3. The final twist ruins the show’s most powerful moments for no reason.
As bad as these first two issues were, the very worst part about Squid Game is its totally pointless, entirely awful “twist.” In the end, Seong Gi-Hun wins the games after a brutal showdown with his once-friend—and certified psycho—Cho Sang-Woo.
But the victory comes at a cost. Seong Gi-Hun is depressed. The money feels like blood money. It sits in the bank and our hero lives like he used to, on the brink of poverty despite something like $38 million USD in the bank.
Then one day he receives a message on one of those little cards. It’s signed “Gganbu” which is what the old man, Oh Il-nam, called Seong Gi-Hun during the marble games. So he goes to the address and finds contestant #001 laying in bed looking out his window. It turns out that Oh Il-nam was the founder of the games, one of the chief villains from the start.
Far from a clever twist, this just felt like a betrayal and a “gotcha” moment that didn’t ever need to happen. Oh Il-nam and Seong Gi-Hun’s marble game and final parting were some of the best moments in the entire show.
‘Gganbu’ was perhaps the most emotionally powerful episode of the entire show and it was all thrown into the trash by the show’s entirely pointless final twist. And all of Oh Il-Nam’s other crucial moments feel cheapened as well, including the tug-of-war scene and his fever and infirmity.

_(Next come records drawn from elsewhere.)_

lemma orbit_closure_not_eventually_periodic:
  assumes "z \<in> \<Omega>" shows "\<not> eventually_periodic z"
proof
  assume "eventually_periodic z"
  then obtain k k' where "k < k'" "(shift ^^ k) z = (shift ^^ k') z"
    unfolding eventually_periodic_def by blast
  have "(shift ^^ (k' - k)) ((shift ^^ k) z) = (shift ^^ (k' - k + k)) z"
    by (simp only: funpow_add o_apply)
  also have "\<dots> = (shift ^^ k') z" using \<open>k < k'\<close> by simp
  also have "\<dots> = (shift ^^ k) z" using \<open>(shift ^^ k) z = (shift ^^ k') z\<close> by simp
  finally have "(shift ^^ (k' - k)) ((shift ^^ k) z) = (shift ^^ k) z" .
  thus False
    using orbit_closure_aperiodic[OF orbit_closure_shift[OF assms], of "k' - k" k] \<open>k < k'\<close> by simp
qed

definition adjacent :: "(nat \<Rightarrow> nat) \<Rightarrow> (nat \<Rightarrow> nat) \<Rightarrow> bool" where
  "adjacent a b \<longleftrightarrow> (\<forall>x\<in>\<Omega>. \<not> cyc_less a x b)"

lemma adjacent_shift:
  assumes \<Omega>: "a \<in> \<Omega>" "b \<in> \<Omega>" and adj: "adjacent a b"
  shows "adjacent (shift a) (shift b)"
  unfolding adjacent_def
proof (intro ballI notI)
  fix x assume "x \<in> \<Omega>" and between: "cyc_less (shift a) x (shift b)"
  obtain c where "(\<lambda>n. if n = 0 then c else x (n - 1)) \<in> \<Omega>"
    using orbit_closure_extend_left[OF \<open>x \<in> \<Omega>\<close>] by blast
  moreover have "shift (\<lambda>n. if n = 0 then c else x (n - 1)) = x"
    by (simp add: shift_def)
  ultimately obtain x' where x': "x' \<in> \<Omega>" "shift x' = x" by blast
  have "cyc_less a b x'"
  proof (rule ccontr)
    assume "\<not> cyc_less a b x'"
    hence "cyc_le a x' b" using cyc_le_iff_not_cyc_less by blast
    moreover have "a \<noteq> x'" "x' \<noteq> b" "a \<noteq> b"
      using cyc_less_distinct[OF between] x'(2) by auto
    ultimately show False
      using adj x'(1) cyc_le_distinct_imp_cyc_less unfolding adjacent_def by blast
  qed
  hence "cyc_le (shift a) (shift b) (shift x')"
    by (intro cyc_le_shift[OF \<Omega> x'(1)] cyc_less_imp_cyc_le)
  hence "cyc_le (shift a) (shift b) x" using x'(2) by simp
  thus False using between cyc_le_iff_not_cyc_less by blast
qed

lemma adjacent_funpow_shift:
  "a \<in> \<Omega> \<Longrightarrow> b \<in> \<Omega> \<Longrightarrow> adjacent a b \<Longrightarrow> adjacent ((shift ^^ k) a) ((shift ^^ k) b)"
proof (induction k)
  case (Suc k)
  thus ?case
    using adjacent_shift[OF orbit_closure_shift[OF Suc.prems(1)]
        orbit_closure_shift[OF Suc.prems(2)]]
    by simp
qed simp

text \<open>If a and b disagreed at positions k < k' where a carries the same letter, the
  shifted pairs at k and k' would start with the same two letters, and one of them would
  lie strictly between the other in the cyclic order.\<close>

lemma adjacent_mismatch_letters_differ:
  assumes \<Omega>: "a \<in> \<Omega>" "b \<in> \<Omega>" and adj: "adjacent a b" and aper: "\<not> eventually_periodic a"
    and k: "k < k'" "a k \<noteq> b k" "a k' \<noteq> b k'"
  shows "a k \<noteq> a k'"
proof
  assume same: "a k = a k'"
  let ?A = "(shift ^^ k) a" and ?B = "(shift ^^ k) b"
  let ?A' = "(shift ^^ k') a" and ?B' = "(shift ^^ k') b"
  have \<Omega>s: "?A \<in> \<Omega>" "?B \<in> \<Omega>" "?A' \<in> \<Omega>" "?B' \<in> \<Omega>"
    using \<Omega> orbit_closure_shift by auto
  have adjs: "adjacent ?A ?B" "adjacent ?A' ?B'"
    using adjacent_funpow_shift[OF \<Omega> adj] by auto
  have first: "?A 0 = a k" "?B 0 = b k" "?A' 0 = a k'" "?B' 0 = b k'"
    by (simp_all add: funpow_shift)
  have "?A \<noteq> ?A'" using aper k(1) unfolding eventually_periodic_def by blast
  have letters: "a k = 0 \<and> b k = 1 \<and> b k' = 1 \<or> a k = 1 \<and> b k = 0 \<and> b k' = 0"
    using k(2,3) same orbit_closure_letter[OF \<Omega>(1), of k] orbit_closure_letter[OF \<Omega>(2), of k]
      orbit_closure_letter[OF \<Omega>(2), of k'] by auto
  have between: "cyc_less ?A ?A' ?B \<or> cyc_less ?A' ?A ?B'" if "less_fun ?A' ?B" "less_fun ?A ?B'"
    using less_fun_linear[OF \<open>?A \<noteq> ?A'\<close>] that unfolding cyclically_def by blast
  have between': "cyc_less ?A ?A' ?B \<or> cyc_less ?A' ?A ?B'" if "less_fun ?B ?A" "less_fun ?B' ?A'"
    using less_fun_linear[OF \<open>?A \<noteq> ?A'\<close>] that unfolding cyclically_def by blast
  from letters have "cyc_less ?A ?A' ?B \<or> cyc_less ?A' ?A ?B'"
  proof
    assume "a k = 0 \<and> b k = 1 \<and> b k' = 1"
    hence "less_fun ?A' ?B" "less_fun ?A ?B'" using first same by (auto intro!: less_fun_first)
    thus ?thesis by (rule between)
  next
    assume "a k = 1 \<and> b k = 0 \<and> b k' = 0"
    hence "less_fun ?B ?A" "less_fun ?B' ?A'" using first same by (auto intro!: less_fun_first)
    thus ?thesis by (rule between')
  qed
  thus False using adjs \<Omega>s unfolding adjacent_def by blast
qed

lemma adjacent_asymptotic:
  assumes \<Omega>: "a \<in> \<Omega>" "b \<in> \<Omega>" and "a \<noteq> b" "adjacent a b" "\<not> eventually_periodic a"
  obtains d where "(shift ^^ Suc d) a = (shift ^^ Suc d) b" "a d \<noteq> b d"
proof -
  define D where "D = {k. a k \<noteq> b k}"
  have "finite {k \<in> D. a k = e}" for e
  proof (rule ccontr)
    assume inf: "infinite {k \<in> D. a k = e}"
    hence "{k \<in> D. a k = e} \<noteq> {}" by (metis finite.emptyI)
    then obtain k where k: "k \<in> D" "a k = e" by blast
    have "\<not> (\<forall>n \<in> {k \<in> D. a k = e}. n \<le> k)"
      using inf finite_nat_set_iff_bounded_le by blast
    then obtain k' where k': "k' \<in> D" "a k' = e" "k < k'" by auto
    have "a k \<noteq> a k'"
      using k k' adjacent_mismatch_letters_differ[OF \<Omega> assms(4,5) k'(3)] unfolding D_def by blast
    thus False using k(2) k'(2) by simp
  qed
  moreover have "D \<subseteq> {k \<in> D. a k = 0} \<union> {k \<in> D. a k = 1}"
    using orbit_closure_letter[OF \<Omega>(1)] by auto
  ultimately have fin: "finite D" by (meson finite_Un finite_subset)
  have "D \<noteq> {}" using \<open>a \<noteq> b\<close> unfolding D_def by auto
  hence "Max D \<in> D" using fin by simp
  moreover have "a k = b k" if "Max D < k" for k
    using Max_ge[OF fin, of k] that unfolding D_def by auto
  hence "(shift ^^ Suc (Max D)) a = (shift ^^ Suc (Max D)) b"
    unfolding funpow_shift by auto
  ultimately show ?thesis using that unfolding D_def by blast
qed

lemma characteristic_unique:
  assumes "is_characteristic w x" "is_characteristic w x'" shows "x = x'"
proof
  fix k
  have left_special_positions: "\<exists>i i'. factor_at w (Suc i) (Suc k) = u
      \<and> factor_at w (Suc i') (Suc k) = u \<and> w i = 0 \<and> w i' = 1" if ls: "left_special u w" and len: "length u = Suc k" for u
  proof -
    obtain i i' where "factor_at w i (Suc (Suc k)) = 0 # u" "factor_at w i' (Suc (Suc k)) = 1 # u"
      using ls len unfolding left_special_def is_factor_def by auto
    thus ?thesis unfolding factor_at_Suc[of w i] factor_at_Suc[of w i'] by auto
  qed
  let ?u = "map x [0..<Suc k]" and ?u' = "map x' [0..<Suc k]"
  have ls: "left_special ?u w" "left_special ?u' w"
    using assms unfolding is_characteristic_def by blast+
  obtain i i' where i: "factor_at w (Suc i) (Suc k) = ?u" "factor_at w (Suc i') (Suc k) = ?u"
    "w i = 0" "w i' = 1"
    using left_special_positions[OF ls(1)] by (auto simp del: upt_Suc)
  obtain j j' where j: "factor_at w (Suc j) (Suc k) = ?u'" "factor_at w (Suc j') (Suc k) = ?u'"
    "w j = 0" "w j' = 1"
    using left_special_positions[OF ls(2)] by (auto simp del: upt_Suc)
  have "factor_at w (Suc i) (Suc k) = factor_at w (Suc j) (Suc k)"
    by (rule left_special_unique[where i' = i' and j' = j']) (use i j in auto)
  hence "?u = ?u'" using i j by simp
  thus "x k = x' k" by (simp del: upt_Suc)
qed

lemma singular_if_asymptotic:
  assumes "y \<in> \<Omega>" and d: "(shift ^^ Suc d) w = (shift ^^ Suc d) y" "w d \<noteq> y d"
  shows "singular w"
proof -
  let ?x = "(shift ^^ Suc d) w"
  have "is_characteristic w ?x"
    unfolding is_characteristic_def
  proof (intro conjI allI)
    show "?x \<in> \<Omega>" by (rule shift_word_in_orbit_closure)
    fix k
    have prefix: "map ?x [0..<k] = factor_at ?x 0 k" by (simp add: factor_at_def)
    have u: "map ?x [0..<k] = factor_at w (Suc d) k"
      unfolding prefix unfolding funpow_shift by (simp add: factor_at_eq_iff add.commute)
    have uy: "map ?x [0..<k] = factor_at y (Suc d) k"
      unfolding prefix unfolding d(1) unfolding funpow_shift
      by (simp add: factor_at_eq_iff add.commute)
    obtain i where i: "factor_at w i (Suc k) = factor_at y d (Suc k)"
      using orbit_closure_factor[OF assms(1)] by blast
    have "factor_at w d (Suc k) = w d # map ?x [0..<k]"
      unfolding factor_at_Suc u ..
    hence "is_factor (w d # map ?x [0..<k]) w"
      unfolding is_factor_def by (intro exI[of _ d]) (simp del: upt_Suc)
    moreover have "factor_at w i (Suc k) = y d # map ?x [0..<k]"
      using i unfolding factor_at_Suc uy by simp
    hence "is_factor (y d # map ?x [0..<k]) w"
      unfolding is_factor_def by (intro exI[of _ i]) (simp del: upt_Suc)
    moreover have "{w d, y d} = {0, 1}"
      using d(2) letter_cases[of d] orbit_closure_letter[OF assms(1), of d] by auto
    ultimately show "left_special (map ?x [0..<k]) w"
      unfolding left_special_def by (auto simp: doubleton_eq_iff)
  qed
  hence "characteristic w = ?x"
    unfolding characteristic_def using characteristic_unique by blast
  thus ?thesis unfolding singular_def by (intro exI[of _ "Suc d"]) auto
qed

Maybe it’s just me, but I really hated it even more than I hated Seong Gi-Hun’s pink haircut and even more than I hated him not going to visit his daughter in the end so that they could set up Season 2 which, by the way, will almost certainly not be as good as Season 1.
So while the first six episodes of Squid Game were excellent in just about every way, the final three stumbled all over the place. There were still some great moments—the final game was so intense, I wasn’t at all sure what to expect—but as far as final acts go, Squid Game stumbled pretty badly. Not a full-blown crash and burn, but definitely a weak ending to a show that started off with such promise.
What did you think of Squid Game? Did any of these issues annoy or enrage you as well? Let me know in the comments!
I agree that the “twist” was awful. It made no sense and added nothing at all.
For some reason, though, the VIPs are the ones that drove me nuts. It was so jarring when they turned up and started talking in exaggerated American accents. And my GOD their dialogue was terrible. It felt like it was written by the screenwriter for Manos: Hand of Fate.
Your proposal would have been so much better - leave them masked an mysterious, barely even show them, leave the mystery for next season. Even leaving their scenes aside, their STORY made no sense. Why were they even masked? They all knew each other at least somewhat, right? They all definitely knew the old guy - they were all former clients. Unless I missed something?
I really liked the show, but it has the problem of whether it’s worth recommending when the back quarter of it is much worse than the first 75%
1. Yep, it is silly and look more like Communist China propaganda than something you expect from Korea. The western corruption. Korea has some of the more powerful companies in the world, so why just foreigners?
2. Agree. There is no interaction with the main plot, no change or interest.
3. This sound to me like something that should have been done by two separate characters.
It makes sense to pretend the character died from the point of view of the last revelation; but it doesn't make sense to revive and create a bad guy from one guy you became to love and miss.
It is in one hand a matter of point of views when building the story. It is not wrong or bad writting per se, but it was an inferior option.